> Task item: Transcribe the records underneath word for word, and leave no line out.

> Provided entries:
text \<open>Backward induction on the number of rounds, proving separately that every valid
  B-strategy yields value at least \<open>\<mu> = E[M\<^sup>A]\<close> and that some valid strategy yields
  exactly \<open>\<mu>\<close>. At a node controlled by A the measure keeps the weight of every reachable
  child, so \<open>\<mu>\<close> is the edge-weighted average of the children's values, and B best-responds
  in each subtree. At a node controlled by B, rescaling the worse child \<open>b\<close> by
  \<open>\<mu>(\<not> b) / \<mu>(b)\<close> makes \<open>\<mu>\<close> the smaller value among the children of positive probability,
  which is what B obtains by steering into that child; validity forbids steering into a
  child of probability 0.\<close>

abbreviation subtree :: "bool \<Rightarrow> (bool list \<Rightarrow> 'a) \<Rightarrow> bool list \<Rightarrow> 'a" where
  "subtree c f \<equiv> \<lambda>u. f (c # u)"

abbreviation expect_domM :: "nat \<Rightarrow> (bool list \<Rightarrow> bool) \<Rightarrow> (bool list \<Rightarrow> bool \<Rightarrow> real)
                               \<Rightarrow> (bool list \<Rightarrow> bool) \<Rightarrow> real" where
  "expect_domM m ctrl e chi \<equiv> expect_leaf m e (domM m ctrl e chi)"

lemma visit_Nil [simp]: "visit e [] = 1"
  by (simp add: visit_def)

lemma visit_Cons: "visit e (c # u) = e [] c * visit (subtree c e) u"
  unfolding visit_def length_Cons prod.lessThan_Suc_shift by simp

lemma expect_leaf_0: "expect_leaf 0 e f = f []"
  by (simp add: expect_leaf_def leaves_def)

lemma expect_leaf_Suc:
  "expect_leaf (Suc m) e f = (\<Sum>c\<in>UNIV. e [] c * expect_leaf m (subtree c e) (subtree c f))"
proof -
  have leaves_Suc: "leaves (Suc m) = (\<lambda>(c, l). c # l) ` (UNIV \<times> leaves m)"
    by (auto simp: leaves_def image_iff length_Suc_conv)
  have "expect_leaf (Suc m) e f = (\<Sum>(c, l)\<in>UNIV \<times> leaves m. visit e (c # l) * f (c # l))"
    unfolding expect_leaf_def leaves_Suc
    by (subst sum.reindex) (auto simp: inj_on_def case_prod_beta)
  also have "\<dots> = (\<Sum>c\<in>UNIV. \<Sum>l\<in>leaves m. visit e (c # l) * f (c # l))"
    by (rule sum.cartesian_product[symmetric])
  finally show ?thesis
    by (simp add: expect_leaf_def visit_Cons sum_distrib_left mult.assoc)
qed

lemma expect_leaf_cmult: "expect_leaf m e (\<lambda>l. k * f l) = k * expect_leaf m e f"
  by (simp add: expect_leaf_def sum_distrib_left mult.left_commute)

lemma expect_leaf_nonneg:
  assumes "well_formed m e" and "\<And>l. 0 \<le> f l"
  shows "0 \<le> expect_leaf m e f"
  using assms unfolding expect_leaf_def visit_def well_formed_def leaves_def
  by (auto intro!: sum_nonneg mult_nonneg_nonneg prod_nonneg)

lemma well_formed_subtree: "well_formed (Suc m) e \<Longrightarrow> well_formed m (subtree c e)"
  by (simp add: well_formed_def)

lemma strat_edges_subtree:
  "subtree c (strat_edges ctrl e s) = strat_edges (subtree c ctrl) (subtree c e) (subtree c s)"
  by (simp add: strat_edges_def fun_eq_iff)

lemma val_Suc: "val (Suc m) e chi = (\<Sum>c\<in>UNIV. e [] c * val m (subtree c e) (subtree c chi))"
  by (simp add: val_def expect_leaf_Suc)
(* Consider the inexact Bregman proximal point algorithm described in the context, with $\Phi$ Legendre and $0\le\rho_k\le\rho<1$ for all $k$. Assume that there exists $z^\star\in\operatorname{zer}T\cap\operatorname{int}\operatorname{dom}\Phi$ such that $D_\Phi(z^\star,\cdot)$ is coercive (this holds, e.g., if $\operatorname{dom}\Phi^*$ is open). Then there exists $z^\infty\in\operatorname{zer}T\cap\operatorname{int}\operatorname{dom}\Phi$ such that $z^k\to z^\infty$, $p^k\to z^\infty$ and $w^k\to0$.
   Context: Let $\mathbb{E}$ be a finite-dimensional Euclidean space, $\Gamma_0(\mathbb{E})$ the proper lsc convex functions $\mathbb{E}\to\mathbb{R}\cup\{+\infty\}$. $\Phi\in\Gamma_0(\mathbb{E})$ is Legendre if it is essentially smooth ($\operatorname{int}\operatorname{dom}\Phi\ne\emptyset$, differentiable there, $\|\nabla\Phi(z^\nu)\|\to\infty$ whenever $\operatorname{int}\operatorname{dom}\Phi\ni z^\nu\to z\in\operatorname{bdry}\operatorname{dom}\Phi$) and essentially strictly convex (strictly convex on every convex subset of $\operatorname{dom}\partial\Phi$); then $\nabla\Phi:\operatorname{int}\operatorname{dom}\Phi\to\operatorname{int}\operatorname{dom}\Phi^*$ is a bijection with inverse $\nabla\Phi^*$. $D_\Phi(z_1,z_2)=\Phi(z_1)-\Phi(z_2)-\langle\nabla\Phi(z_2),z_1-z_2\rangle$ if $z_1\in\operatorname{dom}\Phi$, $z_2\in\operatorname{int}\operatorname{dom}\Phi$, and $+\infty$ otherwise. Let $T:\mathbb{E}\rightrightarrows\mathbb{E}$ be maximal monotone, $\operatorname{zer}T=T^{-1}(0)$, and assume $\operatorname{int}\operatorname{dom}\Phi\cap\operatorname{dom}T\ne\emptyset$. Inexact Bregman proximal point algorithm: given $z^0\in\operatorname{int}\operatorname{dom}\Phi$, step sizes $\sigma_k\ge\sigma>0$ and tolerances $\rho_k\in[0,1)$, it generates for $k=0,1,\dots$ triples $(z^{k+1},p^k,w^k)$ with $p^k\in\operatorname{dom}\Phi$, $w^k\in T(p^k)$, $\nabla\Phi(z^k)-\sigma_kw^k\in\operatorname{int}\operatorname{dom}\Phi^*$, $z^{k+1}=\nabla\Phi^*(\nabla\Phi(z^k)-\sigma_kw^k)\in\operatorname{int}\operatorname{dom}\Phi$, and $D_\Phi(p^k,z^{k+1})\le\rho_kD_\Phi(p^k,z^k)$. A function $h$ is coercive if $h(z)\to\infty$ as $\|z\|\to\infty$. *)

theory Defs
  imports "HOL-Analysis.Analysis" "HOL-Library.Extended_Real"
begin

text \<open>Functions E -> R \<union> {+\<infinity>} are modelled as 'a => ereal (never taking -\<infinity> when proper).\<close>

definition edom :: "('a \<Rightarrow> ereal) \<Rightarrow> 'a set" where
  "edom f = {x. f x < \<infinity>}"

definition proper_fun :: "('a \<Rightarrow> ereal) \<Rightarrow> bool" where
  "proper_fun f \<longleftrightarrow> (\<forall>x. f x \<noteq> -\<infinity>) \<and> (\<exists>x. f x < \<infinity>)"

definition lsc_fun :: "('a::metric_space \<Rightarrow> ereal) \<Rightarrow> bool" where
  "lsc_fun f \<longleftrightarrow> (\<forall>x s. s \<longlonglongrightarrow> x \<longrightarrow> f x \<le> liminf (\<lambda>n. f (s n)))"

> Answer for this exercise:
text \<open>Backward induction on the number of rounds, proving separately that every valid
  B-strategy yields value at least \<open>\<mu> = E[M\<^sup>A]\<close> and that some valid strategy yields
  exactly \<open>\<mu>\<close>. At a node controlled by A the measure keeps the weight of every reachable
  child, so \<open>\<mu>\<close> is the edge-weighted average of the children's values, and B best-responds
  in each subtree. At a node controlled by B, rescaling the worse child \<open>b\<close> by
  \<open>\<mu>(\<not> b) / \<mu>(b)\<close> makes \<open>\<mu>\<close> the smaller value among the children of positive probability,
  which is what B obtains by steering into that child; validity forbids steering into a
  child of probability 0.\<close>

abbreviation subtree :: "bool \<Rightarrow> (bool list \<Rightarrow> 'a) \<Rightarrow> bool list \<Rightarrow> 'a" where
  "subtree c f \<equiv> \<lambda>u. f (c # u)"

abbreviation expect_domM :: "nat \<Rightarrow> (bool list \<Rightarrow> bool) \<Rightarrow> (bool list \<Rightarrow> bool \<Rightarrow> real)
                               \<Rightarrow> (bool list \<Rightarrow> bool) \<Rightarrow> real" where
  "expect_domM m ctrl e chi \<equiv> expect_leaf m e (domM m ctrl e chi)"

lemma visit_Nil [simp]: "visit e [] = 1"
  by (simp add: visit_def)

lemma visit_Cons: "visit e (c # u) = e [] c * visit (subtree c e) u"
  unfolding visit_def length_Cons prod.lessThan_Suc_shift by simp

lemma expect_leaf_0: "expect_leaf 0 e f = f []"
  by (simp add: expect_leaf_def leaves_def)

lemma expect_leaf_Suc:
  "expect_leaf (Suc m) e f = (\<Sum>c\<in>UNIV. e [] c * expect_leaf m (subtree c e) (subtree c f))"
proof -
  have leaves_Suc: "leaves (Suc m) = (\<lambda>(c, l). c # l) ` (UNIV \<times> leaves m)"
    by (auto simp: leaves_def image_iff length_Suc_conv)
  have "expect_leaf (Suc m) e f = (\<Sum>(c, l)\<in>UNIV \<times> leaves m. visit e (c # l) * f (c # l))"
    unfolding expect_leaf_def leaves_Suc
    by (subst sum.reindex) (auto simp: inj_on_def case_prod_beta)
  also have "\<dots> = (\<Sum>c\<in>UNIV. \<Sum>l\<in>leaves m. visit e (c # l) * f (c # l))"
    by (rule sum.cartesian_product[symmetric])
  finally show ?thesis
    by (simp add: expect_leaf_def visit_Cons sum_distrib_left mult.assoc)
qed

lemma expect_leaf_cmult: "expect_leaf m e (\<lambda>l. k * f l) = k * expect_leaf m e f"
  by (simp add: expect_leaf_def sum_distrib_left mult.left_commute)

lemma expect_leaf_nonneg:
  assumes "well_formed m e" and "\<And>l. 0 \<le> f l"
  shows "0 \<le> expect_leaf m e f"
  using assms unfolding expect_leaf_def visit_def well_formed_def leaves_def
  by (auto intro!: sum_nonneg mult_nonneg_nonneg prod_nonneg)

lemma well_formed_subtree: "well_formed (Suc m) e \<Longrightarrow> well_formed m (subtree c e)"
  by (simp add: well_formed_def)

lemma strat_edges_subtree:
  "subtree c (strat_edges ctrl e s) = strat_edges (subtree c ctrl) (subtree c e) (subtree c s)"
  by (simp add: strat_edges_def fun_eq_iff)

lemma val_Suc: "val (Suc m) e chi = (\<Sum>c\<in>UNIV. e [] c * val m (subtree c e) (subtree c chi))"
  by (simp add: val_def expect_leaf_Suc)
(* Consider the inexact Bregman proximal point algorithm described in the context, with $\Phi$ Legendre and $0\le\rho_k\le\rho<1$ for all $k$. Assume that there exists $z^\star\in\operatorname{zer}T\cap\operatorname{int}\operatorname{dom}\Phi$ such that $D_\Phi(z^\star,\cdot)$ is coercive (this holds, e.g., if $\operatorname{dom}\Phi^*$ is open). Then there exists $z^\infty\in\operatorname{zer}T\cap\operatorname{int}\operatorname{dom}\Phi$ such that $z^k\to z^\infty$, $p^k\to z^\infty$ and $w^k\to0$.
   Context: Let $\mathbb{E}$ be a finite-dimensional Euclidean space, $\Gamma_0(\mathbb{E})$ the proper lsc convex functions $\mathbb{E}\to\mathbb{R}\cup\{+\infty\}$. $\Phi\in\Gamma_0(\mathbb{E})$ is Legendre if it is essentially smooth ($\operatorname{int}\operatorname{dom}\Phi\ne\emptyset$, differentiable there, $\|\nabla\Phi(z^\nu)\|\to\infty$ whenever $\operatorname{int}\operatorname{dom}\Phi\ni z^\nu\to z\in\operatorname{bdry}\operatorname{dom}\Phi$) and essentially strictly convex (strictly convex on every convex subset of $\operatorname{dom}\partial\Phi$); then $\nabla\Phi:\operatorname{int}\operatorname{dom}\Phi\to\operatorname{int}\operatorname{dom}\Phi^*$ is a bijection with inverse $\nabla\Phi^*$. $D_\Phi(z_1,z_2)=\Phi(z_1)-\Phi(z_2)-\langle\nabla\Phi(z_2),z_1-z_2\rangle$ if $z_1\in\operatorname{dom}\Phi$, $z_2\in\operatorname{int}\operatorname{dom}\Phi$, and $+\infty$ otherwise. Let $T:\mathbb{E}\rightrightarrows\mathbb{E}$ be maximal monotone, $\operatorname{zer}T=T^{-1}(0)$, and assume $\operatorname{int}\operatorname{dom}\Phi\cap\operatorname{dom}T\ne\emptyset$. Inexact Bregman proximal point algorithm: given $z^0\in\operatorname{int}\operatorname{dom}\Phi$, step sizes $\sigma_k\ge\sigma>0$ and tolerances $\rho_k\in[0,1)$, it generates for $k=0,1,\dots$ triples $(z^{k+1},p^k,w^k)$ with $p^k\in\operatorname{dom}\Phi$, $w^k\in T(p^k)$, $\nabla\Phi(z^k)-\sigma_kw^k\in\operatorname{int}\operatorname{dom}\Phi^*$, $z^{k+1}=\nabla\Phi^*(\nabla\Phi(z^k)-\sigma_kw^k)\in\operatorname{int}\operatorname{dom}\Phi$, and $D_\Phi(p^k,z^{k+1})\le\rho_kD_\Phi(p^k,z^k)$. A function $h$ is coercive if $h(z)\to\infty$ as $\|z\|\to\infty$. *)

theory Defs
  imports "HOL-Analysis.Analysis" "HOL-Library.Extended_Real"
begin

text \<open>Functions E -> R \<union> {+\<infinity>} are modelled as 'a => ereal (never taking -\<infinity> when proper).\<close>

definition edom :: "('a \<Rightarrow> ereal) \<Rightarrow> 'a set" where
  "edom f = {x. f x < \<infinity>}"

definition proper_fun :: "('a \<Rightarrow> ereal) \<Rightarrow> bool" where
  "proper_fun f \<longleftrightarrow> (\<forall>x. f x \<noteq> -\<infinity>) \<and> (\<exists>x. f x < \<infinity>)"

definition lsc_fun :: "('a::metric_space \<Rightarrow> ereal) \<Rightarrow> bool" where
  "lsc_fun f \<longleftrightarrow> (\<forall>x s. s \<longlonglongrightarrow> x \<longrightarrow> f x \<le> liminf (\<lambda>n. f (s n)))"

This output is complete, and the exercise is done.